The New York Times praised Braithwaite’s voice as razor-sharp and wholly original. The Guardian highlighted her skill at turning dark material into something wickedly entertaining.
Jojo Moyes called it “outrageously good.” Yaa Gyasi praised its wit. Bernardine Evaristo described Braithwaite as a fresh and fearless new voice in fiction.
My Personal Reading Experience
This book made me uncomfortable. In the best way. I kept waiting for Korede to break to finally choose what’s right over loyalty to her sister. She never does. Not once.
What stayed with me wasn’t the blood. It was the quieter stuff. The jealousy she carries but never says out loud, the resentment that builds with every mess she cleans up, the exhaustion of always being the responsible one. She doesn’t get to fall apart. She just keeps going.
The ending won’t shock you. It isn’t meant to. It’s cold. Controlled. And somehow, that restraint is what makes it hit hardest. It’s a fast read. But it stays with you long after you’re done.
About the Author: Oyinkan Braithwaite
Oyinkan Braithwaite was born in Nigeria. She studied at Kingston University in London. Two worlds shaped her. That double lens shows in every page she writes.

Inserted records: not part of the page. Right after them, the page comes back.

lemma indep_var_PiM_components:
  assumes "\<And>i. i \<in> I \<Longrightarrow> prob_space (M i)" "k \<in> I" "l \<in> I" "k \<noteq> l"
    and "F \<in> measurable (M k) N" "H \<in> measurable (M l) N'"
  shows "prob_space.indep_var (PiM I M) N (\<lambda>\<omega>. F (\<omega> k)) N' (\<lambda>\<omega>. H (\<omega> l))"
proof -
  interpret Q: prob_space "PiM I M"
    using assms(1) by (rule prob_space_PiM)
  have "Q.indep_var (PiM {k} M) (\<lambda>\<omega>. restrict \<omega> {k}) (PiM {l} M) (\<lambda>\<omega>. restrict \<omega> {l})"
    using Q.indep_var_restrict[OF indep_vars_PiM_components[OF assms(1)], of "{k}" "{l}"] assms(2-4)
    by auto
  then have "Q.indep_var N ((\<lambda>\<omega>. F (\<omega> k)) \<circ> (\<lambda>\<omega>. restrict \<omega> {k})) N' ((\<lambda>\<omega>. H (\<omega> l)) \<circ> (\<lambda>\<omega>. restrict \<omega> {l}))"
    by (rule Q.indep_var_compose) (use assms(5,6) in measurable)
  then show ?thesis
    by (simp add: comp_def)
qed

lemma
  fixes Z :: "'s \<Rightarrow> 'b::euclidean_space"
  assumes P: "prob_space P" and Z [measurable]: "Z \<in> borel_measurable P"
    and sq: "integrable P (\<lambda>s. (norm (Z s))\<^sup>2)" and mean: "integral\<^sup>L P Z = 0"
    and "k \<in> I" "l \<in> I"
  shows integrable_inner_PiM_components: "integrable (PiM I (\<lambda>_. P)) (\<lambda>\<omega>. Z (\<omega> k) \<bullet> Z (\<omega> l))"
    and integral_inner_PiM_components:
      "(\<integral>\<omega>. Z (\<omega> k) \<bullet> Z (\<omega> l) \<partial>PiM I (\<lambda>_. P)) = (if k = l then \<integral>s. (norm (Z s))\<^sup>2 \<partial>P else 0)"
proof -
  let ?Q = "PiM I (\<lambda>_. P)"
  interpret prob_space P
    by (rule P)
  interpret Q: prob_space ?Q
    using P by (rule prob_space_PiM)
  note component = integrable_PiM_component_iff[OF P] integral_PiM_component[OF P]
  have "integrable ?Q (\<lambda>\<omega>. Z (\<omega> k) \<bullet> Z (\<omega> l))
      \<and> (\<integral>\<omega>. Z (\<omega> k) \<bullet> Z (\<omega> l) \<partial>?Q) = (if k = l then \<integral>s. (norm (Z s))\<^sup>2 \<partial>P else 0)"
  proof (cases "k = l")
    case True
    then have "(\<lambda>\<omega>. Z (\<omega> k) \<bullet> Z (\<omega> l)) = (\<lambda>\<omega>. (norm (Z (\<omega> k)))\<^sup>2)"
      by (simp add: power2_norm_eq_inner)
    then show ?thesis
      using component[OF \<open>k \<in> I\<close>, of "\<lambda>s. (norm (Z s))\<^sup>2"] sq True by simp
  next
    case False
    have Z_integrable: "integrable P Z"
      by (rule integrable_of_integrable_norm_sq[OF Z sq])
    have coord: "integrable ?Q (\<lambda>\<omega>. (Z (\<omega> k) \<bullet> j) * (Z (\<omega> l) \<bullet> j))
        \<and> (\<integral>\<omega>. (Z (\<omega> k) \<bullet> j) * (Z (\<omega> l) \<bullet> j) \<partial>?Q) = 0" for j
    proof -
      have indep: "Q.indep_var borel (\<lambda>\<omega>. Z (\<omega> k) \<bullet> j) borel (\<lambda>\<omega>. Z (\<omega> l) \<bullet> j)"
        using False by (intro indep_var_PiM_components P \<open>k \<in> I\<close> \<open>l \<in> I\<close>) measurable
      have "integrable P (\<lambda>s. Z s \<bullet> j)" "(\<integral>s. Z s \<bullet> j \<partial>P) = 0"
        using Z_integrable mean by (simp_all add: integral_inner_left)
      then show ?thesis
        using Q.indep_var_lebesgue_integral[OF indep] Q.indep_var_integrable[OF indep]
          component[OF \<open>k \<in> I\<close>, of "\<lambda>s. Z s \<bullet> j"] component[OF \<open>l \<in> I\<close>, of "\<lambda>s. Z s \<bullet> j"]
        by simp
    qed
    have "(\<lambda>\<omega>. Z (\<omega> k) \<bullet> Z (\<omega> l)) = (\<lambda>\<omega>. \<Sum>j\<in>Basis. (Z (\<omega> k) \<bullet> j) * (Z (\<omega> l) \<bullet> j))"
      by (rule ext) (rule euclidean_inner)
    then show ?thesis
      using coord False by (simp add: Bochner_Integration.integral_sum)
  qed
  then show "integrable ?Q (\<lambda>\<omega>. Z (\<omega> k) \<bullet> Z (\<omega> l))"
    and "(\<integral>\<omega>. Z (\<omega> k) \<bullet> Z (\<omega> l) \<partial>?Q) = (if k = l then \<integral>s. (norm (Z s))\<^sup>2 \<partial>P else 0)"
    by auto
qed

lemma
  fixes Z :: "'s \<Rightarrow> 'b::euclidean_space"
  assumes P: "prob_space P" and Z [measurable]: "Z \<in> borel_measurable P"
    and sq: "integrable P (\<lambda>s. (norm (Z s))\<^sup>2)" and mean: "integral\<^sup>L P Z = 0" and "0 < b"
  shows integrable_norm_sample_mean:
      "integrable (PiM {..<b} (\<lambda>_. P)) (\<lambda>\<omega>. norm ((1 / real b) *\<^sub>R (\<Sum>k<b. Z (\<omega> k))))"
    and integral_norm_sample_mean_le:
      "(\<integral>\<omega>. norm ((1 / real b) *\<^sub>R (\<Sum>k<b. Z (\<omega> k))) \<partial>PiM {..<b} (\<lambda>_. P))
         \<le> sqrt ((\<integral>s. (norm (Z s))\<^sup>2 \<partial>P) / real b)"
proof -
  let ?Q = "PiM {..<b} (\<lambda>_. P)"
  interpret Q: prob_space ?Q
    using P by (rule prob_space_PiM)
  define X where "X = (\<lambda>\<omega>. norm ((1 / real b) *\<^sub>R (\<Sum>k<b. Z (\<omega> k))))"
  have X_sq: "(X \<omega>)\<^sup>2 = (\<Sum>k<b. \<Sum>l<b. Z (\<omega> k) \<bullet> Z (\<omega> l)) / (real b)\<^sup>2" for \<omega>
  proof -
    have "(norm (\<Sum>k<b. Z (\<omega> k)))\<^sup>2 = (\<Sum>k<b. \<Sum>l<b. Z (\<omega> k) \<bullet> Z (\<omega> l))"
      by (simp add: power2_norm_eq_inner inner_sum_left inner_sum_right inner_commute)
    then show ?thesis
      by (simp add: X_def power_mult_distrib divide_inverse power_inverse mult.commute)
  qed
  note cross = integrable_inner_PiM_components[OF P Z sq mean, where I = "{..<b}", simplified]
    integral_inner_PiM_components[OF P Z sq mean, where I = "{..<b}", simplified]
  have X_sq_integrable: "integrable ?Q (\<lambda>\<omega>. (X \<omega>)\<^sup>2)"
    unfolding X_sq using cross(1) by (intro integrable_divide_zero Bochner_Integration.integrable_sum) auto
  have "(\<integral>\<omega>. (\<Sum>k<b. \<Sum>l<b. Z (\<omega> k) \<bullet> Z (\<omega> l)) \<partial>?Q)
      = (\<Sum>k<b. \<Sum>l<b. if k = l then \<integral>s. (norm (Z s))\<^sup>2 \<partial>P else 0)"
    using cross
    by (subst Bochner_Integration.integral_sum, fastforce intro: Bochner_Integration.integrable_sum)
      (simp add: Bochner_Integration.integral_sum)
  then have "(\<integral>\<omega>. (X \<omega>)\<^sup>2 \<partial>?Q) = real b * (\<integral>s. (norm (Z s))\<^sup>2 \<partial>P) / (real b)\<^sup>2"
    unfolding X_sq by simp
  also have "\<dots> = (\<integral>s. (norm (Z s))\<^sup>2 \<partial>P) / real b"
    by (simp add: power2_eq_square)
  finally have "(\<integral>\<omega>. (X \<omega>)\<^sup>2 \<partial>?Q) = (\<integral>s. (norm (Z s))\<^sup>2 \<partial>P) / real b" .
  moreover have X_measurable: "X \<in> borel_measurable ?Q"
    unfolding X_def by measurable
  ultimately show "integrable ?Q (\<lambda>\<omega>. norm ((1 / real b) *\<^sub>R (\<Sum>k<b. Z (\<omega> k))))"
    "(\<integral>\<omega>. norm ((1 / real b) *\<^sub>R (\<Sum>k<b. Z (\<omega> k))) \<partial>?Q) \<le> sqrt ((\<integral>s. (norm (Z s))\<^sup>2 \<partial>P) / real b)"
    using Q.expectation_le_sqrt_expectation_sq[OF X_measurable X_sq_integrable]
      Q.square_integrable_imp_integrable[OF X_measurable X_sq_integrable]
    unfolding X_def by simp_all
qed

lemma (in prob_space) expectation_le_of_le_sum:
  fixes X :: "'a \<Rightarrow> real"
  assumes "integrable M X" "\<And>\<omega>. \<omega> \<in> space M \<Longrightarrow> X \<omega> \<le> a + c * (\<Sum>i\<in>I. Y i \<omega>)" "0 \<le> c"
    and "\<And>i. i \<in> I \<Longrightarrow> integrable M (Y i)" "\<And>i. i \<in> I \<Longrightarrow> expectation (Y i) \<le> e i"
  shows "expectation X \<le> a + c * (\<Sum>i\<in>I. e i)"
proof -
  have "expectation X \<le> expectation (\<lambda>\<omega>. a + c * (\<Sum>i\<in>I. Y i \<omega>))"
    using assms(1,2,4) by (intro integral_mono) auto
  also have "\<dots> = a + c * (\<Sum>i\<in>I. expectation (Y i))"
    using assms(4) by (simp add: prob_space Bochner_Integration.integral_sum)
  also have "\<dots> \<le> a + c * (\<Sum>i\<in>I. e i)"
    using assms(3,5) by (intro add_left_mono mult_left_mono sum_mono) auto
  finally show ?thesis .
qed

section \<open>Expected descent of LARS\<close>

lemma integrable_of_nn_integral_blk_variance_le:
  assumes P: "prob_space P" and "block_partition Bs" and F [measurable]: "F \<in> borel_measurable P"
    and variance: "\<And>i. i < length Bs \<Longrightarrow>
      (\<integral>\<^sup>+ s. ennreal ((norm (blk (Bs ! i) (F s) - blk (Bs ! i) c))\<^sup>2) \<partial>P) \<le> ennreal ((\<sigma> i)\<^sup>2)"
  shows "integrable P F"
proof (rule integrable_of_integrable_blk[OF \<open>block_partition Bs\<close>])
  interpret prob_space P
    by (rule P)
  fix i
  assume "i < length Bs"
  have "integrable P (\<lambda>s. (norm (blk (Bs ! i) (F s) - blk (Bs ! i) c))\<^sup>2)"
    by (rule integrable_norm_sq_of_nn_integral_le[OF P _ variance[OF \<open>i < length Bs\<close>] zero_le_power2])
      measurable
  then have "integrable P (\<lambda>s. blk (Bs ! i) (F s) - blk (Bs ! i) c)"
    by (rule integrable_of_integrable_norm_sq[rotated]) measurable
  from Bochner_Integration.integrable_add[OF this integrable_const[of "blk (Bs ! i) c"]]
  show "integrable P (\<lambda>s. blk (Bs ! i) (F s))"
    by simp
qed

Before this book, she worked in spoken word poetry. Not fiction. Poetry. That background explains her style, tight sentences, sharp timing, and no wasted words.
My Sister, the Serial Killer was her breakout. Her voice is controlled. Her social eye is sharp. I noticed it early. You will too.
Conclusion
I hope this review gave you clarity. This is not a traditional thriller. There is no detective work. No long investigation. It is tighter than that. More intimate. More unsettling.
Think of it as a character study wrapped inside a crime story. It is about sisters. Power. Beauty. And the moral lines we quietly redraw for the people we love.
You can finish it in a weekend. But the ethical discomfort? That stays longer. Would I recommend it? Yes, just come in with the right expectations.
Frequently Asked Questions
What is My Sister the Serial Killer about?
It follows Korede, a nurse in Lagos who repeatedly covers up her younger sister Ayoola’s murders, discussing themes of loyalty, beauty, and power.
How does My Sister the Serial Killer end?
Korede frames an innocent man to protect Ayoola, choosing family over morality. The haunting final scene strongly implies the killings will continue.
How long is the book?
The novel is around 240 pages long, with very short chapters. Most readers comfortably finish it over a single weekend.
Where is the book set?
The book is set entirely in Lagos, Nigeria, with the vibrant city serving as a vivid backdrop to the story’s dark events.
Is there a movie adaptation?
A film adaptation was reported to be in development, though no confirmed updates have emerged publicly since initial announcements around 2020.
Should you read it?
Yes, particularly if you enjoy dark, satirical thrillers centered on complex family dynamics, rather than stories focused heavily on forensic investigative detail.